Bill Hull

No. 85
- Position: Defensive end

Personal information
- Born: August 4, 1940 Fayetteville, North Carolina, U.S.
- Died: May 3, 2020 (aged 79) Raleigh, North Carolina, U.S.
- Listed height: 6 ft 6 in (1.98 m)
- Listed weight: 245 lb (111 kg)

Career information
- High school: Tarboro (NC)
- College: Wake Forest
- NFL draft: 1962 (3rd round, 35th overall pick)
- AFL draft: 1962 (5th round, 38th overall pick)

Career history
- Dallas Texans (1962);

Awards and highlights
- AFL champion (1962); Second-team All-ACC (1961);

Career AFL statistics
- Sacks: 1.5
- Stats at Pro Football Reference

= Bill Hull =

American football player (1940–2020)

Harry William Hull Jr. (August 4, 1940 – May 3, 2020) was an American professional football defensive end who played in the American Football League (AFL) for the Dallas Texans in 1962.

==Career==
Hull played college football at Wake Forest and was selected by the National Football League's Chicago Bears in the third round (35th overall) of the 1962 NFL draft and the AFL's Boston Patriots in the fifth round (38th overall) of the 1962 AFL draft but did not play for either team.
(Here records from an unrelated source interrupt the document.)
lemma rA_less_neg_beta_one:
  assumes "concave_on {1/2..1} \<beta>" and "\<forall>q\<in>{1/2..1}. 0 \<le> \<beta> q"
    and "b \<in> {0..1}" and "q \<in> {1/2..<1}" and "\<beta> 1 < C * min b (1 - b)"
  shows "rA \<beta> C b q < - \<beta> 1"
proof -
  define m where "m = min b (1 - b)"
  have m: "0 \<le> m" "m \<le> 1/2" using assms(3) by (auto simp: m_def min_def)
  have "0 \<le> \<beta> q" using assms(2,4) by simp
  show ?thesis
  proof (cases "m \<le> 1 - q")
    case True
    then show ?thesis
      using assms(5) \<open>0 \<le> \<beta> q\<close> by (simp add: rA_eq m_def[symmetric])
  next
    case False
    have "(q - (1 - m)) * \<beta> 1 \<le> m * \<beta> q"
      using precision_cost_chord[OF assms(1,2) m] False assms(4) by simp
    moreover have "(1 - q) * \<beta> 1 < (1 - q) * (C * m)"
      using assms(4,5) by (simp add: m_def)
    ultimately have "m * \<beta> 1 < m * (\<beta> q + C * (1 - q))"
      by (simp add: algebra_simps)
    moreover have "0 < m" using False assms(4) by simp
    ultimately have "\<beta> 1 < \<beta> q + C * (1 - q)"
      by (simp add: mult_less_cancel_left_pos)
    then show ?thesis
      using False by (simp add: rA_eq m_def[symmetric])
  qed
qed

lemma rA_le_neg_min:
  assumes "concave_on {1/2..1} \<beta>" and "\<forall>q\<in>{1/2..1}. 0 \<le> \<beta> q"
    and "b \<in> {0..1}" and "q \<in> {1/2..1}"
  shows "rA \<beta> C b q \<le> - min (\<beta> 1) (C * min b (1 - b))"
proof -
  define m where "m = min b (1 - b)"
  have m: "0 \<le> m" "m \<le> 1/2" using assms(3) by (auto simp: m_def min_def)
  show ?thesis
  proof (cases "\<beta> 1 < C * m")
    case True
    have "rA \<beta> C b q \<le> - \<beta> 1"
    proof (cases "q = 1")
      case True
      then show ?thesis using m(1) by (simp add: rA_eq m_def[symmetric])
    next
      case False
      then have "q \<in> {1/2..<1}" using assms(4) by simp
      then have "rA \<beta> C b q < - \<beta> 1"
        using rA_less_neg_beta_one[OF assms(1,2,3)] \<open>\<beta> 1 < C * m\<close> by (simp add: m_def)
      then show ?thesis by simp
    qed
    then show ?thesis by (simp add: m_def[symmetric])
  next
    case False
    have "rA \<beta> C b q \<le> - C * m"
    proof (cases "m \<le> 1 - q")
      case True
      then show ?thesis
        using assms(2,4) by (simp add: rA_eq m_def[symmetric])
    next
      case False
      have "(q - (1 - m)) * (C * m) \<le> (q - (1 - m)) * \<beta> 1"
        using \<open>\<not> \<beta> 1 < C * m\<close> False by (intro mult_left_mono) auto
      also have "\<dots> \<le> m * \<beta> q"
        using precision_cost_chord[OF assms(1,2) m] False assms(4) by simp
      finally have "m * ((q - (1 - m)) * C) \<le> m * \<beta> q"
        by (simp add: algebra_simps)
      moreover have "0 < m" using False assms(4) by simp
      ultimately have "(q - (1 - m)) * C \<le> \<beta> q"
        by (simp add: mult_le_cancel_left_pos)
      then show ?thesis
        using False by (simp add: rA_eq m_def[symmetric] algebra_simps)
    qed
    then show ?thesis by (simp add: m_def[symmetric])
  qed
qed

definition myopic_policy :: "(real \<Rightarrow> real) \<Rightarrow> real \<Rightarrow> real \<Rightarrow> real" where
  "myopic_policy \<beta> C b = (if \<beta> 1 < C * min b (1 - b) then 1 else 1/2)"

lemma rA_myopic_policy:
  assumes "\<beta> (1/2) = 0" and "b \<in> {0..1}"
  shows "rA \<beta> C b (myopic_policy \<beta> C b) = - min (\<beta> 1) (C * min b (1 - b))"
proof -
  have "0 \<le> min b (1 - b)" and "min b (1 - b) \<le> 1/2"
    using assms(2) by (auto simp: min_def)
  then show ?thesis
    using assms(1) by (auto simp: myopic_policy_def rA_eq)
qed

lemma myopic_optimal_policy_myopic_policy:
  assumes "concave_on {1/2..1} \<beta>" and "\<forall>q\<in>{1/2..1}. 0 \<le> \<beta> q" and "\<beta> (1/2) = 0"
  shows "myopic_optimal_policy \<beta> C (myopic_policy \<beta> C)"
  unfolding myopic_optimal_policy_def is_policy_def
  using rA_le_neg_min[OF assms(1,2)] rA_myopic_policy[where \<beta> = \<beta>, OF assms(3)]
  by (auto simp: myopic_policy_def)

lemma optimal_policy_full_precision:
  assumes "concave_on {1/2..1} \<beta>" and "\<forall>q\<in>{1/2..1}. 0 \<le> \<beta> q"
    and "mono_on {1/2..1} \<beta>" and "0 < C" and "0 \<le> \<delta>" and "\<delta> < 1" and "\<beta> (1/2) = 0"
    and "optimal_policy \<beta> C \<delta> pol" and "b \<in> {0..1}" and "\<beta> 1 < C * min b (1 - b)"
  shows "pol b = 1"
proof (rule ccontr)
  assume "pol b \<noteq> 1"
  have pol: "is_policy pol" using assms(8) by (simp add: optimal_policy_def)
  then have "pol b \<in> {1/2..1}"
    using assms(9) by (simp add: is_policy_def)
  with \<open>pol b \<noteq> 1\<close> have "pol b \<in> {1/2..<1}" by simp
  have "0 \<le> \<beta> 1" using assms(2) by simp
  with assms(10) have "0 < C * min b (1 - b)" by linarith
  then have "0 < min b (1 - b)" using assms(4) by (simp add: zero_less_mult_iff)
  then have "0 < b" and "b < 1" by auto
  have "VA_star \<beta> C \<delta> b = VA \<beta> C \<delta> pol b"
    using assms(8,9) by (simp add: optimal_policy_def)
  also have "\<dots> \<le> rA \<beta> C b (pol b)"
    using VA_le_first_reward[OF assms(2,3) _ pol assms(9,5,6)] assms(4) by simp
  also have "\<dots> < - \<beta> 1"
    by (rule rA_less_neg_beta_one[OF assms(1,2,9) \<open>pol b \<in> {1/2..<1}\<close> assms(10)])
  also have "\<dots> \<le> VA_star \<beta> C \<delta> b"
    using VA_star_ge_reveal[OF assms(2,3) _ assms(5-7) \<open>0 < b\<close> \<open>b < 1\<close>] assms(4) by simp
  finally show False by simp
qed

theorem lemma9:
  fixes \<beta> :: "real \<Rightarrow> real" and C p \<delta> :: real
  assumes "C > 0"
    and "1/2 \<le> p" and "p < 1"
    and "0 \<le> \<delta>" and "\<delta> < 1"
    and "\<forall>q\<in>{1/2..1}. 0 \<le> \<beta> q"
    and "mono_on {1/2..1} \<beta>"
    and "continuous_on {1/2..1} \<beta>"
    and "concave_on {1/2..1} \<beta>"
    and "\<beta> p = 0"
  shows "\<exists>pol0. myopic_optimal_policy \<beta> C pol0 \<and>
           (\<forall>pols. optimal_policy \<beta> C \<delta> pols \<longrightarrow> (\<forall>b\<in>{0..1}. pol0 b \<le> pols b))"
proof (intro exI conjI allI impI ballI)
  have "\<beta> (1/2) \<le> \<beta> p" using assms(2,3,7) by (auto intro: mono_onD)
  moreover have "0 \<le> \<beta> (1/2)" using assms(6) by simp
  ultimately have half: "\<beta> (1/2) = 0" using assms(10) by simp
  show "myopic_optimal_policy \<beta> C (myopic_policy \<beta> C)"
    by (rule myopic_optimal_policy_myopic_policy[OF assms(9,6) half])
  fix pol and b :: real assume opt: "optimal_policy \<beta> C \<delta> pol" and b: "b \<in> {0..1}"
  show "myopic_policy \<beta> C b \<le> pol b"
  proof (cases "\<beta> 1 < C * min b (1 - b)")
    case True
    then show ?thesis
      using optimal_policy_full_precision[OF assms(9,6,7,1,4,5) half opt b] by (simp add: myopic_policy_def)
  next
    case False
    then show ?thesis
      using opt b by (auto simp: myopic_policy_def optimal_policy_def is_policy_def)
  qed
qed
He played only one season professionally with the AFL's Dallas Texans. He intercepted George Blanda late in the first overtime of professional football's longest championship game. In that 1962 American Football League Championship game against the Houston Oilers, Hull's interception allowed the Texans to start the second overtime with two runs by Jack Spikes to move the ball to the Oilers' 25-yard line, and Tommy Brooker kicked a field goal to give the Texans the win, 20 - 17.

==Basketball==
Hull was also a collegiate basketball player, and became the first ACC player to ever to start for both the football and basketball team in the same season.

==Awards==
In 1992, Hull was inducted into the Wake Forest Athletics Hall of fame.

==Death==
He died on May 3, 2020, in Raleigh, North Carolina at age 79.